Astronomers are planning to collect a meteorite from another star system that crashed into the Pacific Ocean with an energy equivalent to 110 tons of TNT.
Simulation of a meteorite heading towards Earth. (Photo: Maciej Frolow)
A research team from Harvard University hopes to find fragments of the interstellar meteorite named CNEOS 2014-01-08 that struck Earth on January 8, 2014. Discovering such fragments would represent humanity’s first contact with material larger than dust from outside the Solar System, according to Amir Siraj, an astrophysicist at Harvard University and the lead author of the study published on the ArXiv database on August 5.

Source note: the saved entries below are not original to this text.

(* Let $p$ be a prime and $1\le N\le p$. Let $P$ be a box with inputs and outputs in $\mathbb{Z}_p$, and let $\mu_j$ be as defined below. Fix $c\in\mathbb{Z}_p$. In the protocol basicRAC$(p,N,c,P)$ described below, for every $\vec x\in\mathbb{Z}_p^N$ and every $y\in\{0,\dots,N-1\}$, Bob's output $b$ satisfies $$\Pr[b=x_y]=\chi_p(\vec\mu,N-1,c):=\sum_{\substack{(j_1,\dots,j_{N-1})\in\mathbb{Z}_p^{N-1}\\ j_1+\dots+j_{N-1}=-c}}\ \prod_{k=1}^{N-1}\mu_{j_k}=\frac1p\sum_{k=0}^{p-1}\omega_p^{ck}\Big(\sum_{j=0}^{p-1}\mu_j\omega_p^{jk}\Big)^{N-1},$$ where $\omega_p=e^{2\pi i/p}$. For $N=1$ the empty sum condition means $\chi_p=1$ if $c=0$ and $0$ otherwise.
   Context: Let $p$ be a prime. All arithmetic on elements of $\mathbb{Z}_p$ is modulo $p$. A box is a conditional probability distribution $P(a,b\mid x,y)$ with $a,b,x,y\in\mathbb{Z}_p$. It is shared by Alice, who supplies $x$ and receives $a$, and Bob, who supplies $y$ and receives $b$. Different copies act independently. Define $\mu_j=\frac1{p^2}\sum_{x,y=0}^{p-1}\sum_{k=0}^{p-1}P(a=k,b=k-xy+j\mid x,y)$ for $j\in\mathbb{Z}_p$, and $\vec\mu=(\mu_0,\dots,\mu_{p-1})$. For $N\le p$, define $F_0,\dots,F_{N-1}:\mathbb{Z}_p^N\to\mathbb{Z}_p$ by $$\sum_{i=0}^{N-1}\Big[\prod_{0\le j\ne i\le N-1}(i-j)^{-1}(y-j)\Big]x_i=\sum_{k=0}^{N-1}y^kF_k(\vec x)$$ as polynomials in $y$. With this definition, $x_y=\sum_k y^kF_k(\vec x)$ for $y\in\{0,\dots,N-1\}$. Protocol basicRAC$(p,N,c,P)$. Alice holds $\vec x\in\mathbb{Z}_p^N$ and Bob holds $y\in\{0,\dots,N-1\}$. They use $N-1$ copies of $P$. 1. Each copy $k=1,\dots,N-1$ is depolarized as follows. With fresh independent uniform shared $\alpha,\beta,\gamma\in\mathbb{Z}_p$, the parties feed inputs $u+\alpha$ (Alice) and $v+\beta$ (Bob) to the copy of $P$ when their intended inputs are $u,v$. On receiving $a',b'$, they use $a'-\beta u-\alpha\beta+\gamma$ and $b'+\alpha v+\gamma$ as their outputs. 2. For copy $k$, Alice's intended input is $F_k(\vec x)$ and Bob's is $y^k$. The resulting outputs are $a_k$ and $b_k$. 3. Alice sends $q=\sum_{k=1}^{N-1}a_k+F_0(\vec x)$ to Bob. 4. Bob outputs $b=q-\sum_{k=1}^{N-1}b_k-c$. *)

theory Defs
  imports Complex_Main "HOL-Computational_Algebra.Computational_Algebra"
begin
lemma gx_act_closed_form_iff:
  "(\<forall>b m a. m < n \<longrightarrow> gx_act b m a = closed_form b m a) \<longleftrightarrow>
    (\<forall>a i j. i < n \<longrightarrow> j < n \<longrightarrow>
      act ((n - i) mod n) j a = scale (closed_coeff i j) (x1 ^ (j - i) * a * x1 ^ i))"
proof
  assume closed_form: "\<forall>b m a. m < n \<longrightarrow> gx_act b m a = closed_form b m a"
  show "\<forall>a i j. i < n \<longrightarrow> j < n \<longrightarrow>
      act ((n - i) mod n) j a = scale (closed_coeff i j) (x1 ^ (j - i) * a * x1 ^ i)"
  proof (intro allI impI)
    fix a i j
    assume "i < n" "j < n"
    then show "act ((n - i) mod n) j a = scale (closed_coeff i j) (x1 ^ (j - i) * a * x1 ^ i)"
      using closed_form [rule_format, of j "(n - i) mod n" a] neg_mod_diff [of i]
      by (simp add: gx_act_def closed_form_def)
  qed
next
  assume formula: "\<forall>a i j. i < n \<longrightarrow> j < n \<longrightarrow>
      act ((n - i) mod n) j a = scale (closed_coeff i j) (x1 ^ (j - i) * a * x1 ^ i)"
  show "\<forall>b m a. m < n \<longrightarrow> gx_act b m a = closed_form b m a"
    using formula [rule_format, OF neg_mod_less] by (simp add: gx_act_def closed_form_def diff_neg_mod_mod)
qed

end

theorem corollary3p11:
  fixes n :: nat and q :: "'k::field"
    and scale :: "'k \<Rightarrow> 'a::ring_1 \<Rightarrow> 'a"
    and act :: "nat \<Rightarrow> nat \<Rightarrow> 'a \<Rightarrow> 'a"
  assumes "n \<ge> 2"
    and "prim_root n q"
    and "k_algebra scale"
    and "\<And>i j. Vector_Spaces.linear scale scale (act i j)"
    and "act 0 0 1 = 1"
    and "\<And>i. 1 \<le> i \<Longrightarrow> i < n \<Longrightarrow> act i 0 1 = 0"
  shows "partial_action n q scale act \<longleftrightarrow>
    ((act 0 1 1) ^ n \<in> center \<and>
     (\<forall>a i j. i < n \<longrightarrow> j < n \<longrightarrow>
        act ((n - i) mod n) j a =
          scale ((-1) ^ i * q ^ (i * (i + 1) div 2) * qbinom q j i)
            ((act 0 1 1) ^ (j - i) * a * (act 0 1 1) ^ i)))"
proof -
  interpret normalized_taft_linear_map n q scale act
    using assms
    by (simp add: normalized_taft_linear_map_def taft_linear_map_def normalized_taft_linear_map_axioms_def)
  show ?thesis
    unfolding partial_action_iff_closed_form gx_act_closed_form_iff
    by (simp add: center_def x1_def closed_coeff_def)
qed

end
(* For $n\ge1$ and $0\le k\le n$: (a) the coefficients $b_{n,k}$ are integers; (b) $a_{n,k}\ge0$ and $b_{n,k}\ge0$; (c) $a_{n,k-1}\le a_{n,k}$ for $1\le k\le n$; (d) $a_{n,0}=(n-1)!$.
   Context: Let $V$ be the unique solution, in the ring of formal series $\sum_{n\ge0}q_n(y)x^{-n}$ with $q_n$ complex polynomials of degree $\le n$, of $V=1+\frac{y}{x}-\frac{1}{x}V-V_x-\frac{1}{x}V_y+\frac{1}{x}\log V$ (termwise formal derivatives $V_x,V_y$; formal logarithm series). Define polynomials $P_{n-1}$, $Q_n$ by $V=1+\sum_{n\ge1}P_{n-1}(y)x^{-n}$, $\log V=\sum_{n\ge1}Q_n(y)x^{-n}$; equivalently $P_0=y-1$ and $P_n=nP_{n-1}-P'_{n-1}+\frac1n\sum_{k=1}^{n-1}k\{(k-1)P_{k-1}-P_k-P'_{k-1}\}P_{n-k-1}$. For $n\ge1$ define $a_{n,k},b_{n,k}$ ($0\le k\le n$) by $P_n(y)=\frac{(-1)^{n+1}}{n!}\sum_{k=0}^n(-1)^ka_{n,k}y^{n-k}$ and $Q_n(y)=\frac{(-1)^{n+1}}{n!}\sum_{k=0}^n(-1)^kb_{n,k}y^{n-k}$. *)

theory Defs
  imports "HOL-Computational_Algebra.Computational_Algebra"
begin

function P :: "nat \<Rightarrow> real poly" where
  "P 0 = [:-1, 1:]"
| "P (Suc m) =
     smult (real (Suc m)) (P m) - pderiv (P m)
     + smult (1 / real (Suc m))
         (\<Sum>k\<in>{1..m}. smult (real k)
             (smult (real k - 1) (P (k - 1)) - P k - pderiv (P (k - 1))) * P (Suc m - k - 1))"
  by pat_completeness auto
termination
  by (relation "measure id") auto

text \<open>W = V - 1 = sum_{n>=1} P_{n-1} t^n as a formal power series in t = 1/x
  with coefficients in real polynomials in y.\<close>
definition W :: "real poly fps" where
  "W = Abs_fps (\<lambda>n. if n = 0 then 0 else P (n - 1))"

text \<open>Q_n = coefficient of t^n in the formal logarithm
  log V = log (1 + W) = sum_{m>=1} (-1)^(m+1) W^m / m.
  Only m \<le> n contribute since W has zero constant term.\<close>
definition Q :: "nat \<Rightarrow> real poly" where
  "Q n = (\<Sum>m\<in>{1..n}. smult ((-1) ^ (m + 1) / real m) (fps_nth (W ^ m) n))"

text \<open>P_n(y) = (-1)^(n+1)/n! * sum_k (-1)^k a_{n,k} y^(n-k), similarly for Q_n and b.\<close>
definition a :: "nat \<Rightarrow> nat \<Rightarrow> real" where
  "a n k = (-1) ^ (n + 1 + k) * fact n * coeff (P n) (n - k)"

definition b :: "nat \<Rightarrow> nat \<Rightarrow> real" where
  "b n k = (-1) ^ (n + 1 + k) * fact n * coeff (Q n) (n - k)"

end

theory Submission
  imports Defs
begin

text \<open>
  Put t = 1/x and V = 1 + W. The recursion for P_n says precisely that V (log V)_t = V_t;
  comparing coefficients gives Q_(n+1) = P_(n+1) - n P_n + P_n' and, by induction, that
  n! P_n and n! Q_n have integer coefficients. Substituting this into the defining equation
  of V shows that Psi = -t V + t^2 V_t - t V_y + V_y satisfies V Psi = t Psi + V T(Psi) for an
  operator T that only shifts coefficients upwards, so Psi = 0. Coefficientwise this is
  P_(n+1)' = P_n' - n P_n, hence Q_n = P_n + P_n' and the leading coefficient of P_n is
  (-1)^(n+1)/n. In terms of the coefficients, b_(n,k) = a_(n,k) - (n-k+1) a_(n,k-1), so
  monotonicity follows from positivity. For positivity substitute y -> -y: log V becomes
  -log (1 - Y) for a series Y built from the earlier reflected P_i, and -P_(n+1)(-y) is a
  nonnegative combination of -P_n(-y), its derivative and -Q_(n+1)(-y), so nonnegativity of
  the coefficients propagates.
\<close>

lemma pderiv_sum: "pderiv (sum f A) = (\<Sum>i\<in>A. pderiv (f i))"
  by (induct A rule: infinite_finite_induct) (auto simp: pderiv_add)

lemma smult_sum_right: "smult c (sum f A) = (\<Sum>i\<in>A. smult c (f i))"
  by (induct A rule: infinite_finite_induct) (simp_all add: smult_add_right)

definition fps_pderiv :: "'a::idom poly fps \<Rightarrow> 'a poly fps" where
  "fps_pderiv F = Abs_fps (\<lambda>n. pderiv (F $ n))"

lemma fps_pderiv_nth [simp]: "fps_pderiv F $ n = pderiv (F $ n)"
  by (simp add: fps_pderiv_def)

lemma fps_pderiv_0 [simp]: "fps_pderiv 0 = 0"
  by (rule fps_ext) simp
(* Consider the optimization problem $\mathcal{P}_3$ with Lagrangian $h$ and multipliers $\theta_k,\Gamma_{k,l},\eta_{k,i\to l},\beta$ described in the context. The receivers, the Lagrange multiplier $\beta$ and the precoders given by $$V_{k,i\to l}=\alpha_{k,l}\,\mathbf{p}_k^H\mathbf{h}_{k,i}^H\,T_{k,i\to l}^{-1},$$ $$\beta=\frac{1}{E_{tx}}\sum_{k=1}^K\sum_{l=1}^L\sum_{i=l}^L\eta_{k,i\to l}\,b_{k,i\to l}\,|V_{k,i\to l}|^2,$$ $$\mathbf{p}_k=\Big[\beta\mathbf{I}+\sum_{l=1}^L\sum_{i=l}^L\sum_{j=l}^L\alpha_{k,j}\eta_{k,i\to l}b_{k,i\to l}\mathbf{h}_{k,i}^H|V_{k,i\to l}|^2\mathbf{h}_{k,i}+\sum_{t=1,t\ne k}^{K}\sum_{l=1}^L\sum_{i=l}^L\eta_{t,i\to l}b_{t,i\to l}\mathbf{h}_{t,i}^H|V_{t,i\to l}|^2\mathbf{h}_{t,i}\Big]^{-1}\Big[\sum_{l=1}^L\sum_{i=l}^L\eta_{k,i\to l}b_{k,i\to l}\alpha_{k,l}\mathbf{h}_{k,i}^H V_{k,i\to l}^{*}\Big]$$ satisfy the KKT conditions of $\mathcal{P}_3$.
   Context: A base station with $M$ antennas serves $K$ clusters of $L$ single-antenna users each; user $i$ of cluster $k$ has channel row vector $\mathbf{h}_{k,i}\in\mathbb{C}^{1\times M}$. Power fractions satisfy $\alpha_{k,l}>0$, $\sum_{l=1}^L\alpha_{k,l}=1$. The precoder is $\mathbf{P}=[\mathbf{p}_1,\dots,\mathbf{p}_K]\in\mathbb{C}^{M\times K}$ with total power budget $E_{tx}>0$. For $1\le l\le i\le L$ define $r_{k,i\to l}=\sum_{j=l+1}^{L}\alpha_{k,j}|\mathbf{h}_{k,i}\mathbf{p}_k|^2+\sum_{t\ne k}|\mathbf{h}_{k,i}\mathbf{p}_t|^2+1$ and $T_{k,i\to l}=\alpha_{k,l}|\mathbf{h}_{k,i}\mathbf{p}_k|^2+r_{k,i\to l}$. For scalar receivers $V_{k,i\to l}\in\mathbb{C}$ define the MSE $\varepsilon_{k,i\to l}=|V_{k,i\to l}|^2T_{k,i\to l}+\alpha_{k,l}-2\,\mathrm{Re}\{\alpha_{k,l}V_{k,i\to l}\mathbf{h}_{k,i}\mathbf{p}_k\}$ and, for weights $b_{k,i\to l}>0$, the augmented weighted MSE $\xi_{k,i\to l}=b_{k,i\to l}\varepsilon_{k,i\to l}-\log(\alpha_{k,l}b_{k,i\to l})$. Problem $\mathcal{P}_3$: minimize $\bar c$ over $\mathbf{P}$, $\{\xi_{k,l}\}$, $\bar c$, $\{V_{k,i\to l}\}$, $\{b_{k,i\to l}\}$ subject to $\sum_{l=1}^L\xi_{k,l}\le\bar c$ for all $k$; $\xi_{k,i\to l}\le\xi_{k,l}$ for all $k$ and $l\le i\le L$; $\xi_{k,l}\le\xi^{th}_{k,l}$ for all $k,l$ (given thresholds); $\mathrm{Tr}(\mathbf{P}\mathbf{P}^H)\le E_{tx}$. Its Lagrangian is $h=\bar c-\sum_k\theta_k\bar c+\sum_{k,l}\theta_k\xi_{k,l}+\sum_{k,l}\Gamma_{k,l}(\xi_{k,l}-\xi^{th}_{k,l})+\beta(\mathrm{Tr}(\mathbf{P}\mathbf{P}^H)-E_{tx})+\sum_k\sum_{l=1}^L\sum_{i=l}^L\eta_{k,i\to l}(\xi_{k,i\to l}-\xi_{k,l})$, with nonnegative multipliers $\theta_k,\Gamma_{k,l},\eta_{k,i\to l},\beta$. KKT conditions comprise stationarity of $h$ (complex derivatives with respect to conjugated variables), primal feasibility, dual nonnegativity and complementary slackness. *)

theory Defs
  imports "HOL-Analysis.Analysis"
begin

text \<open>Indices are 0-based: clusters k < K, users l, i < L, antennas = index type 'm.
  Triple-indexed quantities (receivers V, weights b, multipliers eta) are indexed by (k, i, l),
  standing for the paper's k, i -> l with l <= i.\<close>

text \<open>Wirtinger derivative with respect to the conjugated variable, for a real-valued
  function f: g is the derivative of f w.r.t. conj z at z iff the real Frechet
  derivative of f at z is dz |-> 2 Re (conj g * dz).\<close>
definition has_conj_deriv :: "(complex \<Rightarrow> real) \<Rightarrow> complex \<Rightarrow> complex \<Rightarrow> bool" where
  "has_conj_deriv f g z \<longleftrightarrow> (f has_derivative (\<lambda>dz. 2 * Re (cnj g * dz))) (at z)"

definition has_conj_gradient ::
    "(complex^'m \<Rightarrow> real) \<Rightarrow> complex^'m \<Rightarrow> complex^'m \<Rightarrow> bool" where
  "has_conj_gradient f g z \<longleftrightarrow>
     (f has_derivative (\<lambda>dz. 2 * Re (\<Sum>m\<in>UNIV. cnj (g $ m) * dz $ m))) (at z)"

definition rowmul :: "complex^'m \<Rightarrow> complex^'m \<Rightarrow> complex" where
  "rowmul h p = (\<Sum>m\<in>UNIV. h $ m * p $ m)"

text \<open>The M x M matrix h^H h for a row vector h.\<close>
definition outerH :: "complex^'m \<Rightarrow> complex^'m^'m" where
  "outerH h = (\<chi> r c. cnj (h $ r) * h $ c)"

definition cmat_scale :: "complex \<Rightarrow> complex^'m^'n \<Rightarrow> complex^'m^'n" where
  "cmat_scale c A = (\<chi> r s. c * A $ r $ s)"

text \<open>r_{k,i->l} (0-based: j ranges over l < j < L).\<close>
definition rterm :: "nat \<Rightarrow> nat \<Rightarrow> (nat \<Rightarrow> nat \<Rightarrow> real) \<Rightarrow> (nat \<Rightarrow> nat \<Rightarrow> complex^'m)
    \<Rightarrow> (nat \<Rightarrow> complex^'m) \<Rightarrow> nat \<Rightarrow> nat \<Rightarrow> nat \<Rightarrow> real" where
  "rterm K L \<alpha> H P k i l =
     (\<Sum>j\<in>{l<..<L}. \<alpha> k j * (cmod (rowmul (H k i) (P k)))^2)
     + (\<Sum>t\<in>{..<K} - {k}. (cmod (rowmul (H k i) (P t)))^2) + 1"

definition Tterm :: "nat \<Rightarrow> nat \<Rightarrow> (nat \<Rightarrow> nat \<Rightarrow> real) \<Rightarrow> (nat \<Rightarrow> nat \<Rightarrow> complex^'m)
    \<Rightarrow> (nat \<Rightarrow> complex^'m) \<Rightarrow> nat \<Rightarrow> nat \<Rightarrow> nat \<Rightarrow> real" where
  "Tterm K L \<alpha> H P k i l =
     \<alpha> k l * (cmod (rowmul (H k i) (P k)))^2 + rterm K L \<alpha> H P k i l"

definition mse :: "nat \<Rightarrow> nat \<Rightarrow> (nat \<Rightarrow> nat \<Rightarrow> real) \<Rightarrow> (nat \<Rightarrow> nat \<Rightarrow> complex^'m)
    \<Rightarrow> (nat \<Rightarrow> complex^'m) \<Rightarrow> (nat \<times> nat \<times> nat \<Rightarrow> complex) \<Rightarrow> nat \<Rightarrow> nat \<Rightarrow> nat \<Rightarrow> real" where
  "mse K L \<alpha> H P V k i l =
     (cmod (V (k,i,l)))^2 * Tterm K L \<alpha> H P k i l + \<alpha> k l
     - 2 * Re (complex_of_real (\<alpha> k l) * V (k,i,l) * rowmul (H k i) (P k))"

definition awmse :: "nat \<Rightarrow> nat \<Rightarrow> (nat \<Rightarrow> nat \<Rightarrow> real) \<Rightarrow> (nat \<Rightarrow> nat \<Rightarrow> complex^'m)
    \<Rightarrow> (nat \<Rightarrow> complex^'m) \<Rightarrow> (nat \<times> nat \<times> nat \<Rightarrow> complex) \<Rightarrow> (nat \<times> nat \<times> nat \<Rightarrow> real)
    \<Rightarrow> nat \<Rightarrow> nat \<Rightarrow> nat \<Rightarrow> real" where
  "awmse K L \<alpha> H P V b k i l =
     b (k,i,l) * mse K L \<alpha> H P V k i l - ln (\<alpha> k l * b (k,i,l))"

definition lagrangian :: "nat \<Rightarrow> nat \<Rightarrow> (nat \<Rightarrow> nat \<Rightarrow> real) \<Rightarrow> (nat \<Rightarrow> nat \<Rightarrow> complex^'m)
    \<Rightarrow> real \<Rightarrow> (nat \<Rightarrow> nat \<Rightarrow> real)
    \<Rightarrow> (nat \<Rightarrow> real) \<Rightarrow> (nat \<Rightarrow> nat \<Rightarrow> real) \<Rightarrow> (nat \<times> nat \<times> nat \<Rightarrow> real) \<Rightarrow> real
    \<Rightarrow> real \<Rightarrow> (nat \<Rightarrow> nat \<Rightarrow> real) \<Rightarrow> (nat \<Rightarrow> complex^'m)
    \<Rightarrow> (nat \<times> nat \<times> nat \<Rightarrow> complex) \<Rightarrow> (nat \<times> nat \<times> nat \<Rightarrow> real) \<Rightarrow> real" where
  "lagrangian K L \<alpha> H Etx xith \<theta> \<Gamma> \<eta> \<beta> cbar \<xi> P V b =
     cbar - (\<Sum>k<K. \<theta> k * cbar)
     + (\<Sum>k<K. \<Sum>l<L. \<theta> k * \<xi> k l)
     + (\<Sum>k<K. \<Sum>l<L. \<Gamma> k l * (\<xi> k l - xith k l))
     + \<beta> * ((\<Sum>k<K. (norm (P k))^2) - Etx)
     + (\<Sum>k<K. \<Sum>l<L. \<Sum>i\<in>{l..<L}.
          \<eta> (k,i,l) * (awmse K L \<alpha> H P V b k i l - \<xi> k l))"

end

theory Submission
  imports Defs
begin

text \<open>The Lagrangian depends on a receiver \<open>v = V(k,i,l)\<close> only through the real quadratic
  \<open>\<eta> b (T |v|\<^sup>2 - 2 Re (\<alpha> z v))\<close> with \<open>z = h p\<close>; its conjugate gradient
  \<open>\<eta> b (T v - \<alpha> cnj z)\<close> vanishes at the stated receiver. In the precoder \<open>p\<^sub>k\<close> the conjugate
  gradient of the Lagrangian is \<open>A\<^sub>k p\<^sub>k - c\<^sub>k\<close>, where \<open>A\<^sub>k\<close> is the matrix inverted in the precoder
  formula and \<open>c\<^sub>k\<close> the vector it is applied to. Since \<open>(A\<^sub>k x) \<bullet> x \<ge> \<beta> (x \<bullet> x)\<close>, for \<open>\<beta> > 0\<close>
  the matrix is invertible and the stated precoder solves \<open>A\<^sub>k p\<^sub>k = c\<^sub>k\<close>; for \<open>\<beta> = 0\<close> all weights
  \<open>\<eta> b |V|\<^sup>2\<close> vanish, so \<open>c\<^sub>k = 0 = p\<^sub>k\<close>. Finally, summing \<open>(A\<^sub>k p\<^sub>k - c\<^sub>k) \<bullet> p\<^sub>k = 0\<close> over \<open>k\<close>
  and using \<open>T |V|\<^sup>2 = \<alpha> Re (V z)\<close> gives \<open>\<beta> \<Sum> |p\<^sub>k|\<^sup>2 = \<Sum> \<eta> b |V|\<^sup>2 = \<beta> E\<^sub>t\<^sub>x\<close>: complementary
  slackness, and feasibility when \<open>\<beta> > 0\<close>.\<close>

lemma inner_vec_complex: "(x::complex^'m) \<bullet> y = Re (\<Sum>m\<in>UNIV. cnj (x $ m) * y $ m)"
  by (simp add: inner_vec_def inner_complex_def Re_sum)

Siraj identified the interstellar origin of the object in a 2019 study with 99.999% certainty, but it wasn’t until May 2022 that the U.S. Space Command confirmed his conclusion. No eyewitnesses observed the object as it struck Earth. “The meteorite passed through the atmosphere about 160 km off the coast of Papua New Guinea at midnight, with energy equivalent to 1% of the atomic bomb dropped on Hiroshima,” Siraj stated.
With a width of 0.5 meters, CNEOS 2014-01-08 is now the first interstellar object identified in the Solar System. Previously, this title belonged to an ‘Oumuamua, a cigar-shaped object discovered in 2017 through the Pan-STARRS observatory, traveling through the Solar System at a speed of nearly 92,000 km/h. CNEOS 2014-01-08 is believed to originate from another star system as it moves at 60 km/second, too fast to be influenced by the Sun’s gravitational pull. According to Siraj, CNEOS 2014-01-08 exceeds the speed limit for objects being attracted by the Sun. Since the meteorite did not come near any other planets along its path, it certainly must have originated from outside the Solar System.
Siraj mentioned that he and his colleagues will conduct a $1.6 million expedition to deploy a large magnet the size of a bed at 1.3 degrees south latitude and 147.6 degrees east longitude, the location where the meteorite fell as identified by the U.S. Department of Defense. This site is approximately 300 km north of Manus Island in the Bismarck Sea, southwest of the Pacific Ocean.
CNEOS 2014-01-08 has material properties that far exceed those of ordinary iron meteorites, making collection easier. Material strength refers to the ability to withstand deformation or damage due to weight. “Most meteorites contain enough iron to be attracted to the type of magnet we plan to use for the marine expedition in the Galileo project,” Siraj noted. “With its extremely high material strength, it is likely that fragments of CNEOS 2014-01-08 are metallic iron.”
Setting sail from Papua New Guinea, the Galileo project ship will use a magnet mounted on a winch to drag along the seabed at a depth of 1.7 km for 10 days. The research team hopes to collect small fragments of the meteorite down to 0.1 mm in size. However, they have not disclosed the timeline for the expedition.